## What to work on
Scan the records for the string "fixes" and copy every line that holds it.
───── Provided records
lemma penalized_minimizer_exists:
  fixes h :: "'a::{heine_borel, real_normed_vector} \<Rightarrow> real"
  assumes cont: "continuous_on UNIV h" and nonneg: "\<And>x. 0 \<le> h x" and "0 < lam"
  shows "\<exists>y. dist y w \<le> h w / lam \<and> (\<forall>z. h y + lam * dist y w \<le> h z + lam * dist z w)"
proof -
  define R where "R = h w / lam"
  have "0 \<le> R" using nonneg \<open>0 < lam\<close> unfolding R_def by simp
  have "continuous_on (cball w R) (\<lambda>z. h z + lam * dist z w)"
    by (intro continuous_intros continuous_on_subset[OF cont]) auto
  moreover have "cball w R \<noteq> {}" using \<open>0 \<le> R\<close> by simp
  ultimately obtain y where y: "y \<in> cball w R"
    and min: "\<And>z. z \<in> cball w R \<Longrightarrow> h y + lam * dist y w \<le> h z + lam * dist z w"
    using continuous_attains_inf[OF compact_cball] by blast
  have "h y + lam * dist y w \<le> h z + lam * dist z w" for z
  proof (cases "z \<in> cball w R")
    case True
    then show ?thesis by (rule min)
  next
    case False
    then have "h w / lam < dist z w" unfolding R_def by (simp add: dist_commute)
    then have "h w < lam * dist z w" using \<open>0 < lam\<close> by (simp add: pos_divide_less_eq mult.commute)
    moreover have "h y + lam * dist y w \<le> h w" using min[of w] \<open>0 \<le> R\<close> by simp
    ultimately show ?thesis using nonneg[of z] by linarith
  qed
  moreover have "dist y w \<le> h w / lam" using y unfolding R_def by (simp add: dist_commute)
  ultimately show ?thesis by blast
qed

lemma powr_divide_power:
  fixes s b q :: real
  assumes "0 \<le> s" and "0 < b"
  shows "(s / b ^ k) powr q = s powr q / (b powr q) ^ k"
proof -
  have "(b ^ k) powr q = (b powr q) ^ k"
    using assms(2) by (simp add: powr_realpow[symmetric] powr_powr_swap[of b "real k"])
  then show ?thesis using assms by (simp add: powr_divide)
qed

lemma descent_step:
  fixes h :: "'a::euclidean_space \<Rightarrow> real"
  assumes conv: "convex_on UNIV h" and nonneg: "\<And>x. 0 \<le> h x" and "q \<le> 1" "0 < m"
    and slope: "\<And>x v. x \<in> U \<Longrightarrow> 0 < h x \<Longrightarrow> v \<in> subdiff h x \<Longrightarrow> m * h x powr (1 - q) < norm v"
    and "0 < r" "h w \<le> 2 * r" and U: "cball w (4 * r powr q / m) \<subseteq> U"
  shows "\<exists>y\<in>cball w (4 * r powr q / m). h y \<le> r"
proof -
  \<comment> \<open>At a minimizer \<open>y\<close> of \<open>\<lambda>z. h z + lam * dist z w\<close> some subgradient has norm
    \<open>\<le> lam\<close>, which the slope bound forbids as long as \<open>h y > r\<close>.\<close>
  define lam where "lam = m / 2 * r powr (1 - q)"
  have "0 < lam" using \<open>0 < m\<close> \<open>0 < r\<close> unfolding lam_def by simp
  obtain y where dy: "dist y w \<le> h w / lam"
    and min: "\<And>z. h y + lam * dist y w \<le> h z + lam * dist z w"
    using penalized_minimizer_exists[OF convex_on_continuous[OF open_UNIV conv] nonneg \<open>0 < lam\<close>]
    by blast
  have "h w / lam \<le> 2 * r / lam" using \<open>h w \<le> 2 * r\<close> \<open>0 < lam\<close> by (simp add: divide_right_mono)
  also have "\<dots> = 4 * r powr q / m"
    using \<open>0 < m\<close> \<open>0 < r\<close> unfolding lam_def by (simp add: powr_diff field_simps)
  finally have y: "y \<in> cball w (4 * r powr q / m)" using dy by (simp add: dist_commute)
  have "h y \<le> r"
  proof (rule ccontr)
    assume "\<not> h y \<le> r"
    have "h y - lam * norm (z - y) \<le> h z" for z
    proof -
      have "lam * dist z w \<le> lam * dist z y + lam * dist y w"
        using mult_left_mono[OF dist_triangle[of z w y]] \<open>0 < lam\<close> by (simp add: distrib_left)
      then show ?thesis using min[of z] unfolding dist_norm by linarith
    qed
    then obtain v where "v \<in> subdiff h y" "norm v \<le> lam"
      using subgradient_norm_le[OF conv less_imp_le[OF \<open>0 < lam\<close>]] by blast
    then have "m * h y powr (1 - q) < lam"
      using slope[of y v] U y \<open>\<not> h y \<le> r\<close> \<open>0 < r\<close> by auto
    moreover have "m * r powr (1 - q) \<le> m * h y powr (1 - q)"
      using powr_mono2[of "1 - q" r "h y"] \<open>q \<le> 1\<close> \<open>0 < r\<close> \<open>\<not> h y \<le> r\<close> \<open>0 < m\<close> by simp
    moreover have "0 < m * r powr (1 - q)" using \<open>0 < m\<close> \<open>0 < r\<close> by simp
    ultimately show False unfolding lam_def by linarith
  qed
  with y show ?thesis by blast
qed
──────────
## Solution to this task
  fixes h :: "'a::{heine_borel, real_normed_vector} \<Rightarrow> real"
  fixes s b q :: real
  fixes h :: "'a::euclidean_space \<Rightarrow> real"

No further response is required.